A don Tadeo no le gustan los rábanos. A un vendedor de hortalizas le amenazó con un cuchillo de matar guarros si se atrevía, aunque solo fuera una vez más, a pregonar su mercancía al pasar por su calle. Como le vio tan enrabietado, ni se le ocurrió; para que tentar la suerte, se decía con razón el pobre hombre.
A doña Eduvigis, que tiene una niña preciosa con dieciocho añitos, le causó tanto, repelús –malestar, decía ella- el semen de su marido que nunca más –a excepción del caso reseñado- volvió a conocer hombre alguno. Tampoco a mujer, que doña Eduvigis, en todas las cosas del sexo, era muy mirada.
– Y tanto, que se lo pregunten si no a su marido, que le tiene a la cuarta pregunta desde hace, más o menos, dieciocho años.
Don Canoto, aunque todo el mundo, como era de ley, por aproximación se comprende, le llame don Canuto, la fobia sobrevenida le dio por los pájaros, mayormente urracas y vencejos. De no habérselo prohibido, de forma coercitiva la Guardia Civil, se habría comprado un cañón para erradicar de este mundo a todo aquello que se le ocurriera volar.
– ¿También a los aviones?
– Yo creo que no hacia distingos, que era sobremanera bruto y apenas si distinguía lo uno de lo otro.
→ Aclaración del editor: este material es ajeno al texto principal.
(* Let $A$ be a basic connected finite dimensional algebra over an algebraically closed field $k$ with ordinary quiver $Q$ without oriented cycles, and let $\nu\colon kQ\twoheadrightarrow A$ be a presentation with kernel $I$. Regard $\mathsf{Hom}(\pi_1(Q,I),k^+)$ as an abelian Lie algebra (zero bracket). Then $\theta_\nu\colon\mathsf{Hom}(\pi_1(Q,I),k^+)\to\mathsf{HH}^1(A)$ is a Lie algebra homomorphism; in particular $\mathsf{Im}(\theta_\nu)$ is an abelian Lie subalgebra of $\mathsf{HH}^1(A)$.
   Context: Fix a complete set $e_1,\dots,e_n$ of primitive orthogonal idempotents of $A$ (indexed by $Q_0=\{1,\dots,n\}$), $E=\bigoplus ke_i$. A presentation is a surjective algebra homomorphism $\nu\colon kQ\twoheadrightarrow A$ with admissible kernel (i.e. $(kQ^+)^N\subseteq\mathsf{Ker}\,\nu\subseteq(kQ^+)^2$ for some $N\ge2$, $kQ^+$ the arrow ideal) and $\nu(e_i)=e_i$. Walks are paths in $Q$ with formal inverses of arrows allowed. The homotopy relation $\sim_I$ is the smallest equivalence relation on walks with $\alpha\alpha^{-1}\sim_I e_y$, $\alpha^{-1}\alpha\sim_I e_x$ for arrows $\alpha\colon x\to y$, compatible with concatenation ($v\sim_I v'\Rightarrow wvu\sim_I wv'u$), and with $u\sim_I v$ for paths $u,v$ occurring with nonzero coefficient in a same minimal relation of $I$ (a nonzero $\sum t_iu_i\in I$, $t_i\ne0$, distinct paths, no nonempty proper subsum in $I$). With a fixed base vertex $x_0$, $\pi_1(Q,I)$ is the group of classes of closed walks at $x_0$. $\mathsf{HH}^1(A)$ is identified with $Der_0(A)/Int_0(A)$, where $Der_0(A)$ consists of derivations vanishing on all $e_i$ (Lie bracket: commutator) and $Int_0(A)=\{a\mapsto ea-ae\mid e\in E\}$. Fix a maximal tree $T$ of $Q$ and let $\gamma_x$ be the minimal walk in $T$ from $x_0$ to $x$. For $f\colon\pi_1(Q,I)\to k^+$ a group homomorphism, $\theta_\nu(f)$ is the class of the derivation $\tilde f$ with $\tilde f(\nu(u))=f([\gamma_y^{-1}u\gamma_x]_I)\nu(u)$ for all paths $u$ from $x$ to $y$. *)

theory Defs
  imports "HOL-Algebra.Group" "HOL-Computational_Algebra.Polynomial"
begin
– La fobia, por si lo quiere saber, a don Canuto –permítaseme la licencia- le vino como consecuencia de una cagada de un cigoñino. La pobre ave en ciernes sacó el culo de las taramas del nido, tal como la había enseñado a hacer su progenitora e hizo el aguatocho. Y claro, ¡zas!, dejo tuerto y lleno de excrementos al bueno del tío Canuto. Aunque parezca mentira, la casualidad es tan cierta como el sol que brilla en lo alto del cielo. Lo que no tuvo don Canuto fue la suerte de Tobías, que al cabo, este recuperó la vista sin coste aparente alguno. A este otro hombre le costó, entre visitas a la capital y a la consulta de varios oculistas, que no daban con el remedio ideal, la juerga un riñón.
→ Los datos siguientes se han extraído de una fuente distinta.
definition condB :: "'h::{real_inner,complete_space} set \<Rightarrow> ('h \<Rightarrow> 'h) \<Rightarrow> real \<Rightarrow>
    (nat \<Rightarrow> 'u::{real_inner,complete_space}) \<Rightarrow> (nat \<Rightarrow> real) \<Rightarrow> real \<Rightarrow>
    (real \<Rightarrow> 'h \<Rightarrow> 'u \<Rightarrow> 'h) \<Rightarrow> real \<Rightarrow> bool" where
  "condB D A tf e q \<theta>X0 B \<theta>B \<longleftrightarrow> 0 \<le> \<theta>B \<and> \<theta>B < 1/2 \<and>
     (\<forall>t\<in>{0..tf}. \<forall>v. in_L02 e q (B t v)) \<and>
     (\<exists>C. \<forall>t\<in>{0..tf}. \<forall>v. L02_norm e q (B t v) \<le> C * (1 + norm v)) \<and>
     (\<exists>C. \<forall>t\<in>{0..tf}. \<forall>w \<in> frac_dom D A \<theta>B.
        (\<forall>z \<in> Q_half_U e q. B t w z \<in> frac_dom D A \<theta>B) \<and>
        in_L02 e q (\<lambda>z. frac_pow D A \<theta>B (B t w z)) \<and>
        L02_norm e q (\<lambda>z. frac_pow D A \<theta>B (B t w z)) \<le> C * (1 + norm (frac_pow D A \<theta>B w))) \<and>
     (\<exists>C. \<forall>t\<in>{0..tf}. \<forall>u \<in> frac_dom D A \<theta>X0. \<forall>z \<in> Q_half_U e q.
        norm (B t u z) \<le> C * (1 + norm (frac_pow D A \<theta>X0 u)) * norm z) \<and>
     (\<exists>C. \<forall>s\<in>{0..tf}. \<forall>t\<in>{0..tf}. \<forall>v w.
        L02_norm e q (\<lambda>z. B s v z - B t w z) \<le> C * (\<bar>s - t\<bar> powr (1/2) + norm (v - w)))"

definition condP :: "'h::{real_inner,complete_space} set \<Rightarrow> ('h \<Rightarrow> 'h) \<Rightarrow> real set \<Rightarrow>
    (real \<Rightarrow> 'h set) \<Rightarrow> (real \<Rightarrow> 'h \<Rightarrow>\<^sub>L 'h) \<Rightarrow> bool" where
  "condP D A I V P \<longleftrightarrow> I \<subseteq> {0<..} \<and>
     (\<forall>h\<in>I. (\<exists>S. finite S \<and> V h = span S) \<and>
        (\<forall>x. blinfun_apply (P h) x \<in> V h) \<and> (\<forall>x\<in>V h. blinfun_apply (P h) x = x)) \<and>
     (\<exists>C. \<forall>h\<in>I. norm (P h) \<le> C) \<and>
     (\<exists>C. \<forall>h\<in>I. \<forall>v\<in>D. norm (v - blinfun_apply (P h) v) \<le> C * h\<^sup>2 * norm (A v))"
– Si, ¿eso es en verdad cierto?
– Ni lo dude
Eduviana o Eduvigis que cada uno la despacha como mejor le cuadra, la pescadera, la madre Florindita, la que hace rosas de migas de papel ensalivado, odia al mundo entero. Es persona de no quedarse nunca a medias. O todo, dice, o nada, aclara. A quien le rechista en el puesto de mando, le manda a freír puñetas “y el siguiente” de la cola. ¡No es nadie esta mujer despachando!
– Esas, mire usted, son batallas perdidas y sin mayor fundamento, que es lo peor. A la misantropía, como esta demostrada de doña Eduviana, la pescadera, le faltan unos cuantos cursillos acelerados de amor al prójimo. Difícil sin duda esta asignatura, ¡verdad que es así don Claretiano! La misantropía, por volver al principio, no es sino, una enfermedad sin tratamiento conocido hasta el momento.
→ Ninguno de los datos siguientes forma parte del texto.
lemma pow_mat_entry_norm_le:
  fixes A :: "'a::real_normed_algebra_1 mat"
  assumes A: "A \<in> carrier_mat N N"
  shows "i < N \<Longrightarrow> j < N \<Longrightarrow> norm ((A ^\<^sub>m k) $$ (i,j)) \<le> (\<Sum>a<N. \<Sum>b<N. norm (A $$ (a,b))) ^ k"
proof (induction k arbitrary: i j)
  case 0
  then show ?case using A by auto
next
  case (Suc k)
  define m where "m = (\<Sum>a<N. \<Sum>b<N. norm (A $$ (a,b)))"
  have m_nonneg: "0 \<le> m" unfolding m_def by (intro sum_nonneg) auto
  have column_le: "(\<Sum>l<N. norm (A $$ (l,j))) \<le> m"
    unfolding m_def using Suc.prems by (intro sum_mono member_le_sum) auto
  have "norm ((A ^\<^sub>m Suc k) $$ (i,j)) = norm (\<Sum>l<N. (A ^\<^sub>m k) $$ (i,l) * A $$ (l,j))"
    using mat_mult_entry_sum[of "A ^\<^sub>m k" N N A N i j] A Suc.prems by simp
  also have "\<dots> \<le> (\<Sum>l<N. norm ((A ^\<^sub>m k) $$ (i,l)) * norm (A $$ (l,j)))"
    by (intro order_trans[OF norm_sum] sum_mono norm_mult_ineq)
  also have "\<dots> \<le> (\<Sum>l<N. m ^ k * norm (A $$ (l,j)))"
    using Suc unfolding m_def by (intro sum_mono mult_right_mono) auto
  also have "\<dots> = m ^ k * (\<Sum>l<N. norm (A $$ (l,j)))" by (simp add: sum_distrib_left)
  also have "\<dots> \<le> m ^ k * m"
    using column_le m_nonneg by (intro mult_left_mono) auto
  finally show ?case by (simp add: m_def mult.commute)
qed

lemma mat_exp_carrier: "A \<in> carrier_mat N N \<Longrightarrow> mat_exp A \<in> carrier_mat N N"
  unfolding mat_exp_def by simp

lemma mat_exp_entry:
  assumes "A \<in> carrier_mat N N" "i < N" "j < N"
  shows "mat_exp A $$ (i,j) = (\<Sum>k. (A ^\<^sub>m k) $$ (i,j) / of_nat (fact k))"
  using assms unfolding mat_exp_def by simp

lemma summable_norm_mat_exp_series:
  fixes A :: "complex mat"
  assumes A: "A \<in> carrier_mat N N" and ij: "i < N" "j < N"
  shows "summable (\<lambda>k. norm ((A ^\<^sub>m k) $$ (i,j) / of_nat (fact k)))"
proof (rule summable_comparison_test[OF _ summable_exp])
  show "\<exists>K. \<forall>k\<ge>K. norm (norm ((A ^\<^sub>m k) $$ (i,j) / of_nat (fact k)))
      \<le> inverse (fact k) * (\<Sum>a<N. \<Sum>b<N. norm (A $$ (a,b))) ^ k"
    using pow_mat_entry_norm_le[OF A ij] by (auto simp: norm_divide divide_simps mult.commute)
qed

lemma mat_exp_series_sums:
  fixes A :: "complex mat"
  assumes "A \<in> carrier_mat N N" "i < N" "j < N"
  shows "(\<lambda>k. (A ^\<^sub>m k) $$ (i,j) / of_nat (fact k)) sums (mat_exp A $$ (i,j))"
  using summable_norm_cancel[OF summable_norm_mat_exp_series[OF assms]] mat_exp_entry[OF assms]
  by (simp add: summable_sums)

definition unitary_mat :: "nat \<Rightarrow> complex mat \<Rightarrow> bool" where
  "unitary_mat N M \<longleftrightarrow> M \<in> carrier_mat N N \<and>
     (\<forall>i<N. \<forall>j<N. (\<Sum>l<N. cnj (M $$ (l,i)) * M $$ (l,j)) = (if i = j then 1 else 0))"

definition hermitian_mat :: "nat \<Rightarrow> complex mat \<Rightarrow> bool" where
  "hermitian_mat N H \<longleftrightarrow> H \<in> carrier_mat N N \<and> (\<forall>a<N. \<forall>b<N. cnj (H $$ (b,a)) = H $$ (a,b))"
Don Castor es otra cosa a todo cuanto llevamos contado. Don Castor es un hombre normal, dentro de unos límites, ni alto ni bajo: más bien esto último. Algo grueso, con papada pronunciada y con la fea costumbre de abrocharse el cinturón por debajo del ombligo, a media tripa, porque cree que eso le hace más hombre, sencillo al tiempo y distinguido, próximo y trabajador. Es amador, por más señas, de los animales en general y de las hortalizas en particular, especialmente los rábanos y los pepinos. Como amante, por ser esta materia reservada, se le desconoce la gracia, si es que tiene alguna. De cualquier forma, a primera vista, bien se puede afirmar que en tal tesitura debe de ser medianejo, tirando a bajo rendimiento, como los triciclos de segunda mano. Vamos, como quien dice, ni fu, ni fa.
Donde verdaderamente falla don Castor, parece mentira, es en la lectura. Se conoce que, de pequeño, como a todos les pasó por aquellas generaciones, le obligaron de malas formas y ahora se pone como un basilisco ante la menor insinuación de enseñarle un libro, un periódico, una revista o cualquier otra cosa que tenga una letra de por medio. Se conforma con la radio y en ocasiones hasta con las noticias de la televisión, por más que no se las crea.
– ¿Usted sabe leer, don Castorama?
– Tu padre. Castor y voy que me mato. Pero oiga, ¿con quién se cree usted que está hablando? Claro que sé leer, estaría bueno.
– Lo digo mayormente por los ascos y repulgos que usted demuestra ante la presencia de la letra escrita, de un libro.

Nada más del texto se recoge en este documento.